§ **TASK BRIEF**: Could you copy every line of the data that contains the word "thesis"?

§ **EXTRACTED MATERIAL**:
[Start of section]
lemma twisted_power_map_kernel:
  assumes "gcd (int q - 1) (2 * e1 - e2) = 1" "gcd (int q + 1) e2 = 1"
    and "r \<in> Fq" "r \<noteq> 0" "s \<noteq> 0"
    and "r * s powi ((int q + 1) * e1) = 1" "r * s powi e2 = 1"
  shows "r = 1 \<and> s = 1"
proof -
  have "s powi e2 \<in> Fq"
    using inverse_unique[OF assms(7)] inverse_mem_Fq[OF assms(3)] by simp
  then have "s \<in> Fq"
    by (rule mem_Fq_of_power_int_mem_Fq[OF assms(2,5)])
  then have "s ^ (q + 1) = s ^ 2"
    by (simp add: Fq_def power2_eq_square)
  then have "s powi ((int q + 1) * e1) = s powi (2 * e1)"
    unfolding power_int_Suc_q_mult by (simp add: power_int_power)
  then have "r * s powi (2 * e1) = r * s powi e2"
    using assms(6,7) by simp
  then have "s powi (2 * e1) = s powi e2"
    using assms(4) by simp
  then have "s powi (2 * e1 - e2) = 1"
    using assms(5) by (simp add: power_int_diff)
  moreover have "s powi (int q - 1) = 1"
  proof -
    have "int q - 1 = int (q - 1)"
      using q_ge_2 by simp
    moreover have "s ^ (q - 1) = 1"
      using \<open>s \<in> Fq\<close> nonzero_mem_Fq_iff[OF assms(5)] by simp
    ultimately show ?thesis
      by (simp only: power_int_of_nat)
  qed
  ultimately have "s = 1"
    using power_int_eq_1_coprime[OF assms(5,1)] by simp
  then show ?thesis
    using assms(7) by simp
qed

lemma bij_betw_twisted_power_map:
  assumes "gcd (int q - 1) (2 * e1 - e2) = 1" "gcd (int q + 1) e2 = 1"
  shows "bij_betw (twisted_power_map e1 e2)
    ((Fq - {0}) \<times> {x. x \<noteq> 0}) ((Fq - {0}) \<times> {x. x \<noteq> 0})"
    (is "bij_betw ?\<Phi> ?A ?A")
proof -
  have "?\<Phi> z \<in> ?A" if "z \<in> ?A" for z
  proof -
    obtain y x where z: "z = (y, x)"
      by (cases z)
    moreover have "y \<in> Fq" "y \<noteq> 0" "x \<noteq> 0"
      using that z by auto
    moreover have "x powi ((int q + 1) * e1) \<in> Fq"
      unfolding power_int_Suc_q_mult by (intro power_int_mem_Fq power_Suc_q_mem_Fq)
    ultimately show ?thesis
      by (auto simp: twisted_power_map_def intro: mult_mem_Fq)
  qed
  then have "?\<Phi> ` ?A \<subseteq> ?A"
    by (rule image_subsetI)
  moreover have "inj_on ?\<Phi> ?A"
  proof (rule inj_onI)
    fix z z'
    assume "z \<in> ?A" "z' \<in> ?A" and "?\<Phi> z = ?\<Phi> z'"
    then obtain y x y' x' where z: "z = (y, x)" "z' = (y', x')"
      and A: "y \<in> Fq" "y \<noteq> 0" "x \<noteq> 0" "y' \<in> Fq" "y' \<noteq> 0" "x' \<noteq> 0"
      and "?\<Phi> (y, x) = ?\<Phi> (y', x')"
      by auto
    then have "y / y' * (x / x') powi ((int q + 1) * e1) = 1" "y / y' * (x / x') powi e2 = 1"
      by (simp_all add: twisted_power_map_def power_int_divide_distrib)
    moreover have "y / y' \<in> Fq"
      using A by (simp add: divide_inverse mult_mem_Fq inverse_mem_Fq)
    moreover have "y / y' \<noteq> 0" "x / x' \<noteq> 0"
      using A by simp_all
    ultimately have "y / y' = 1 \<and> x / x' = 1"
      by (intro twisted_power_map_kernel[OF assms])
    then show "z = z'"
      using A z by simp
  qed
  ultimately show ?thesis
    using endo_inj_surj[of ?A ?\<Phi>] by (simp add: bij_betw_def)
qed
[End of section]
§ **EXPECTED ANSWER**:
    ultimately show ?thesis
  then show ?thesis
    ultimately show ?thesis
  ultimately show ?thesis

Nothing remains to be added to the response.